We see that there are different fields, separated by commas, and that the gender information for participants A and B are in the 7th and 12th fields, respectively (ASX.DL and BSX.DL). This format is standardly referred to as "csv" (comma-separated values). The first field contains the conversation ID. The names of the transcript files contain the conversation ID too: the last digits before the ".txt" extension.

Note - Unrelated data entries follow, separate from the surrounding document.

(* Let $a>b>0$ and let $E$ be the ellipse $\frac{x^2}{a^2}+\frac{y^2}{b^2}=1$. Over the family of 3-periodic billiard orbits $T=P_1P_2P_3$ in $E$, the following three quantities are constant (independent of the orbit): (i) the sum $\cos\theta_1+\cos\theta_2+\cos\theta_3$ of the cosines of the interior angles $\theta_i$ of $T$; (ii) the product $|\cos\theta_1'\cos\theta_2'\cos\theta_3'|$ of the cosines of the interior angles $\theta_i'$ of the excentral triangle $T'$ of $T$; (iii) the ratio $A'/A$ of the area $A'$ of the excentral triangle $T'$ to the area $A$ of $T$.
   Context: A 3-periodic billiard orbit in the ellipse $E$ is a nondegenerate triangle $P_1P_2P_3$ with all vertices on $E$ such that at each vertex $P_i$ the normal line to $E$ at $P_i$ bisects the interior angle of the triangle at $P_i$. These orbits form a one-parameter family. The excentral triangle of a triangle is the triangle whose vertices are its three excenters (the intersections of pairs of exterior angle bisectors). *)

theory Defs
  imports Complex_Main
begin

type_synonym pt = "real \<times> real"

definition vsub :: "pt \<Rightarrow> pt \<Rightarrow> pt" where
  "vsub P Q = (fst P - fst Q, snd P - snd Q)"

definition dot :: "pt \<Rightarrow> pt \<Rightarrow> real" where
  "dot u v = fst u * fst v + snd u * snd v"

definition cross :: "pt \<Rightarrow> pt \<Rightarrow> real" where
  "cross u v = fst u * snd v - snd u * fst v"

definition vlen :: "pt \<Rightarrow> real" where
  "vlen u = sqrt (dot u u)"

definition vscale :: "real \<Rightarrow> pt \<Rightarrow> pt" where
  "vscale c u = (c * fst u, c * snd u)"

definition vadd :: "pt \<Rightarrow> pt \<Rightarrow> pt" where
  "vadd u v = (fst u + fst v, snd u + snd v)"

definition unit_dir :: "pt \<Rightarrow> pt \<Rightarrow> pt" where
  "unit_dir P Q = vscale (1 / vlen (vsub Q P)) (vsub Q P)"

definition on_ellipse :: "real \<Rightarrow> real \<Rightarrow> pt \<Rightarrow> bool" where
  "on_ellipse a b P \<longleftrightarrow> (fst P)\<^sup>2 / a\<^sup>2 + (snd P)\<^sup>2 / b\<^sup>2 = 1"

text \<open>Normal direction of the ellipse at P (gradient of the defining function, up to factor 2).\<close>
definition ellipse_normal :: "real \<Rightarrow> real \<Rightarrow> pt \<Rightarrow> pt" where
  "ellipse_normal a b P = (fst P / a\<^sup>2, snd P / b\<^sup>2)"

definition nondegenerate :: "pt \<Rightarrow> pt \<Rightarrow> pt \<Rightarrow> bool" where
  "nondegenerate A B C \<longleftrightarrow> cross (vsub B A) (vsub C A) \<noteq> 0"

definition int_bisector_dir :: "pt \<Rightarrow> pt \<Rightarrow> pt \<Rightarrow> pt" where
  "int_bisector_dir A B C = vadd (unit_dir A B) (unit_dir A C)"

definition ext_bisector_dir :: "pt \<Rightarrow> pt \<Rightarrow> pt \<Rightarrow> pt" where
  "ext_bisector_dir A B C = vsub (unit_dir A B) (unit_dir A C)"

definition on_line :: "pt \<Rightarrow> pt \<Rightarrow> pt \<Rightarrow> bool" where
  "on_line A d X \<longleftrightarrow> cross (vsub X A) d = 0"

text \<open>The normal line to E at A (through A, direction the normal) bisects the interior angle at A:
  it coincides with the internal bisector line, i.e. the directions are parallel.\<close>
definition normal_bisects :: "real \<Rightarrow> real \<Rightarrow> pt \<Rightarrow> pt \<Rightarrow> pt \<Rightarrow> bool" where
  "normal_bisects a b A B C \<longleftrightarrow> cross (ellipse_normal a b A) (int_bisector_dir A B C) = 0"

definition billiard3 :: "real \<Rightarrow> real \<Rightarrow> pt \<Rightarrow> pt \<Rightarrow> pt \<Rightarrow> bool" where
  "billiard3 a b P1 P2 P3 \<longleftrightarrow>
     nondegenerate P1 P2 P3 \<and>
     on_ellipse a b P1 \<and> on_ellipse a b P2 \<and> on_ellipse a b P3 \<and>
     normal_bisects a b P1 P2 P3 \<and> normal_bisects a b P2 P3 P1 \<and> normal_bisects a b P3 P1 P2"

definition interior_angle :: "pt \<Rightarrow> pt \<Rightarrow> pt \<Rightarrow> real" where
  "interior_angle A B C =
     arccos (dot (vsub B A) (vsub C A) / (vlen (vsub B A) * vlen (vsub C A)))"

text \<open>Excenter opposite vertex A: the intersection of the exterior angle bisectors at B and C.\<close>
definition excenter :: "pt \<Rightarrow> pt \<Rightarrow> pt \<Rightarrow> pt" where
  "excenter A B C = (THE X. on_line B (ext_bisector_dir B C A) X \<and> on_line C (ext_bisector_dir C A B) X)"

definition tri_area :: "pt \<Rightarrow> pt \<Rightarrow> pt \<Rightarrow> real" where
  "tri_area A B C = \<bar>cross (vsub B A) (vsub C A)\<bar> / 2"

end

theory Submission
  imports Defs
begin

text \<open>
  By Joachimsthal's integral, along a 3-periodic orbit the quantity
  \<open>J = N(P\<^sub>i) \<bullet> (P\<^sub>j - P\<^sub>i) / \<bar>P\<^sub>j - P\<^sub>i\<bar>\<close>, with \<open>N\<close> the
  gradient normal of the ellipse, is the same for all three sides, and the reflection law turns
  this into \<open>cos \<theta>\<^sub>i = 2 J\<^sup>2 / \<bar>N(P\<^sub>i)\<bar>\<^sup>2 - 1\<close>.
  In the rational parameter \<open>t\<close> of the ellipse the three vertices are pairwise related by one
  symmetric biquadratic relation; by Vieta, the two neighbours of a vertex are the roots of a
  quadratic whose coefficients are polynomials in its parameter. Eliminating them shows that
  \<open>K = J\<^sup>2\<close> is a root of a quadratic depending only on \<open>a, b\<close>, and that
  \<open>\<Sum> 1 / \<bar>N(P\<^sub>i)\<bar>\<^sup>2\<close> is a function of \<open>K\<close> alone. Hence
  \<open>\<Sum> cos \<theta>\<^sub>i = K (a\<^sup>2 + b\<^sup>2)\<close> is constant. For every triangle
  \<open>\<Sum> cos \<theta>\<^sub>i = 1 + r/R\<close>, the angles of the excentral triangle satisfy
  \<open>\<bar>\<Prod> cos \<theta>'\<^sub>i\<bar> = r/(4R)\<close>, and the area ratio is \<open>2R/r\<close>;
  so the other two quantities are constant as well.
\<close>

section \<open>Vectors and angles\<close>

lemma vsub_pair [simp]: "vsub (x, y) (x', y') = (x - x', y - y')"
  by (simp add: vsub_def)

lemma vscale_pair [simp]: "vscale c (x, y) = (c * x, c * y)"
  by (simp add: vscale_def)

lemma dot_pair [simp]: "dot (x, y) (x', y') = x * x' + y * y'"
  by (simp add: dot_def)

lemma cross_pair [simp]: "cross (x, y) (x', y') = x * y' - y * x'"
  by (simp add: cross_def)

lemma dot_vscale [simp]: "dot (vscale c u) v = c * dot u v" "dot u (vscale c v) = c * dot u v"
  by (simp_all add: dot_def vscale_def algebra_simps)

lemma cross_vscale [simp]: "cross (vscale c u) v = c * cross u v" "cross u (vscale c v) = c * cross u v"
  by (simp_all add: cross_def vscale_def algebra_simps)

lemma dot_self_nonneg: "dot u u \<ge> 0"
  by (simp add: dot_def)

lemma vlen_squared: "(vlen u)^2 = dot u u"
  by (simp add: vlen_def dot_self_nonneg)

lemma vlen_vsub_commute: "vlen (vsub P Q) = vlen (vsub Q P)"
  by (simp add: vlen_def dot_def vsub_def algebra_simps)

lemma dot_vsub_self_commute: "dot (vsub P Q) (vsub P Q) = dot (vsub Q P) (vsub Q P)"
  by (simp add: dot_def vsub_def algebra_simps)

lemma vlen_vsub_pos:
  assumes "P \<noteq> Q"
  shows "vlen (vsub P Q) > 0"
proof -
  have "dot (vsub P Q) (vsub P Q) \<noteq> 0"
    using assms by (auto simp: dot_def vsub_def prod_eq_iff)
  then show ?thesis
    using dot_self_nonneg[of "vsub P Q"] by (simp add: vlen_def)
qed

lemma dot_squared_le: "(dot u v)^2 \<le> dot u u * dot v v"
proof -
  have "dot u u * dot v v - (dot u v)^2 = (cross u v)^2"
    unfolding dot_def cross_def by algebra
  then show ?thesis
    by (metis diff_ge_0_iff_ge zero_le_power2)
qed

lemma abs_dot_le: "\<bar>dot u v\<bar> \<le> vlen u * vlen v"
  using real_sqrt_le_mono[OF dot_squared_le[of u v]]
  by (simp add: vlen_def real_sqrt_mult)

lemma cos_interior_angle:
  "cos (interior_angle A B C) =
     dot (vsub B A) (vsub C A) / (vlen (vsub B A) * vlen (vsub C A))"
proof -
  define L where "L = vlen (vsub B A) * vlen (vsub C A)"
  have le: "\<bar>dot (vsub B A) (vsub C A)\<bar> \<le> L"
    unfolding L_def by (rule abs_dot_le)
  have "\<bar>dot (vsub B A) (vsub C A) / L\<bar> \<le> 1"
  proof (cases "L = 0")
    case False
    with le have "L > 0" by linarith
    with le show ?thesis by (simp add: abs_divide)
  qed simp
  then show ?thesis
    unfolding interior_angle_def L_def by (simp add: cos_arccos_abs)
qed

lemma cos_interior_angle_squared:
  "(cos (interior_angle A B C))^2 =
     (dot (vsub B A) (vsub C A))^2 / (dot (vsub B A) (vsub B A) * dot (vsub C A) (vsub C A))"
  unfolding cos_interior_angle by (simp add: power_divide power_mult_distrib vlen_squared)

lemma dot_unit_dir_self:
  assumes "P \<noteq> Q"
  shows "dot (unit_dir P Q) (unit_dir P Q) = 1"
proof -
  have "vlen (vsub Q P) > 0"
    using assms by (intro vlen_vsub_pos) simp
  then show ?thesis
    unfolding unit_dir_def dot_vscale using vlen_squared[of "vsub Q P", symmetric]
    by (simp add: power2_eq_square)
qed

lemma dot_unit_dirs: "dot (unit_dir P Q) (unit_dir P R) = cos (interior_angle P Q R)"
  unfolding unit_dir_def dot_vscale cos_interior_angle by simp

lemma cross_unit_dirs:
  "cross (unit_dir P Q) (unit_dir P R) = cross (vsub Q P) (vsub R P) / (vlen (vsub Q P) * vlen (vsub R P))"
  unfolding unit_dir_def cross_vscale by simp

lemma lines_meet_unique:
  assumes "on_line B d X" "on_line C e X" "on_line B d Y" "on_line C e Y" "cross d e \<noteq> 0"
  shows "X = Y"
proof -
  have "cross (vsub X Y) d = 0" "cross (vsub X Y) e = 0"
    using assms(1-4) unfolding on_line_def cross_def vsub_def by (simp_all add: algebra_simps)
  then have "(fst X - fst Y) * cross d e = 0" "(snd X - snd Y) * cross d e = 0"
    unfolding cross_def vsub_def by (simp_all, algebra+)
  with assms(5) show ?thesis
    by (simp add: prod_eq_iff)
qed

section \<open>Triangles and their excentral triangles\<close>

text \<open>Twice \<open>s - a\<close> for the semiperimeter \<open>s\<close>; a constant of its own, so that
  field simplification treats it as an atom.\<close>
definition side_excess :: "real \<Rightarrow> real \<Rightarrow> real \<Rightarrow> real" where
  "side_excess a b c = b + c - a"

definition r_over_R :: "real \<Rightarrow> real \<Rightarrow> real \<Rightarrow> real" where
  "r_over_R a b c = side_excess a b c * side_excess b c a * side_excess c a b / (2 * a * b * c)"

lemma sum_cosines_r_over_R:
  fixes a b c :: real
  assumes "a \<noteq> 0" "b \<noteq> 0" "c \<noteq> 0"
  shows "(b^2 + c^2 - a^2) / (2 * b * c) + (c^2 + a^2 - b^2) / (2 * c * a)
     + (a^2 + b^2 - c^2) / (2 * a * b) = 1 + r_over_R a b c"
  unfolding r_over_R_def side_excess_def using assms
  by (simp add: field_simps) (simp add: algebra_simps power2_eq_square power3_eq_cube)

lemma pos_of_prod_pos_sums_pos:
  fixes p q r :: real
  assumes "p * q * r > 0" "p + q > 0" "q + r > 0" "r + p > 0"
  shows "p > 0" "q > 0" "r > 0"
proof -
  have first_pos: "u > 0" if "u * v * w > 0" "u + v > 0" "w + u > 0" for u v w :: real
  proof (rule ccontr)
    assume "\<not> u > 0"
    moreover from this that(2,3) have "v > 0" "w > 0" by linarith+
    ultimately have "u * v * w \<le> 0"
      by (simp add: mult_nonpos_nonneg)
    with that(1) show False by simp
  qed
  show "p > 0"
    using assms(1,2,4) by (rule first_pos)
  show "q > 0"
    using assms by (intro first_pos[of q r p]) (simp_all add: ac_simps)
  show "r > 0"
    using assms by (intro first_pos[of r p q]) (simp_all add: ac_simps)
qed

locale triangle =
  fixes x1 y1 x2 y2 x3 y3 :: real
  assumes nondeg: "nondegenerate (x1, y1) (x2, y2) (x3, y3)"
begin

abbreviation "l1 \<equiv> vlen (vsub (x3, y3) (x2, y2))"
abbreviation "l2 \<equiv> vlen (vsub (x1, y1) (x3, y3))"
abbreviation "l3 \<equiv> vlen (vsub (x2, y2) (x1, y1))"
abbreviation "D1 \<equiv> side_excess l1 l2 l3"
abbreviation "D2 \<equiv> side_excess l2 l3 l1"
abbreviation "D3 \<equiv> side_excess l3 l1 l2"
abbreviation "area2 \<equiv> (x2 - x1) * (y3 - y1) - (y2 - y1) * (x3 - x1)"
abbreviation "J1 \<equiv> excenter (x1, y1) (x2, y2) (x3, y3)"
abbreviation "J2 \<equiv> excenter (x2, y2) (x3, y3) (x1, y1)"
abbreviation "J3 \<equiv> excenter (x3, y3) (x1, y1) (x2, y2)"

lemma area2_nonzero: "area2 \<noteq> 0"
  using nondeg by (simp add: nondegenerate_def)

text \<open>Facts proved at the first vertex transfer to the others by interpreting the rotated
  triangle, whose \<open>l\<^sub>i\<close>, \<open>D\<^sub>i\<close>, \<open>J\<^sub>i\<close> are syntactically those of this one,
  permuted.\<close>
lemma rotate: "triangle x2 y2 x3 y3 x1 y1"
  using area2_nonzero by unfold_locales (simp add: nondegenerate_def algebra_simps)

lemma l1_pos: "l1 > 0"
  using area2_nonzero by (intro vlen_vsub_pos) auto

With that information, write a python script that outputs:

  • the raw total number of words spoken by women
  • the raw total number of words spoken by men
  • the total number of utterances spoken by women
  • the total number of utterance spoken by men
  • the average number of words per utterance spoken by women and by men
  • the number of female speakers
  • the number of male speakers
  1. Your script should now read the data in the "OriginalFisher" directory which you can download from Carmen. Note that for space and time reasons, I only included 10 of the original 60 data folders. But your script should work on any number of folders!
  2. The user should be able to specify the Fisher directory path at the command line (e.g., python3 processOriginalFisher.py OriginalFisher). The script should run wherever it is on the computer, provided that the user gives a correct path to the directory. This time I don't want to have to go into your script to modify that part!
  3. At the top of your script, explain in English, in a few commented sentences, how you are going to solve the problem. What kind of data structure do you need to use? What will it contain?
  4. Also, now that you have more data, is your answer to the question "do women talk more than men" different from your previous one? Explain why. Write this at the bottom of your script, commented.

You will submit your code on Carmen in the HW2 submissions folder. Make sure your code runs. Make sure to appropriately comment your code! Find the right balance in your comments: too few or too many isn't helpful.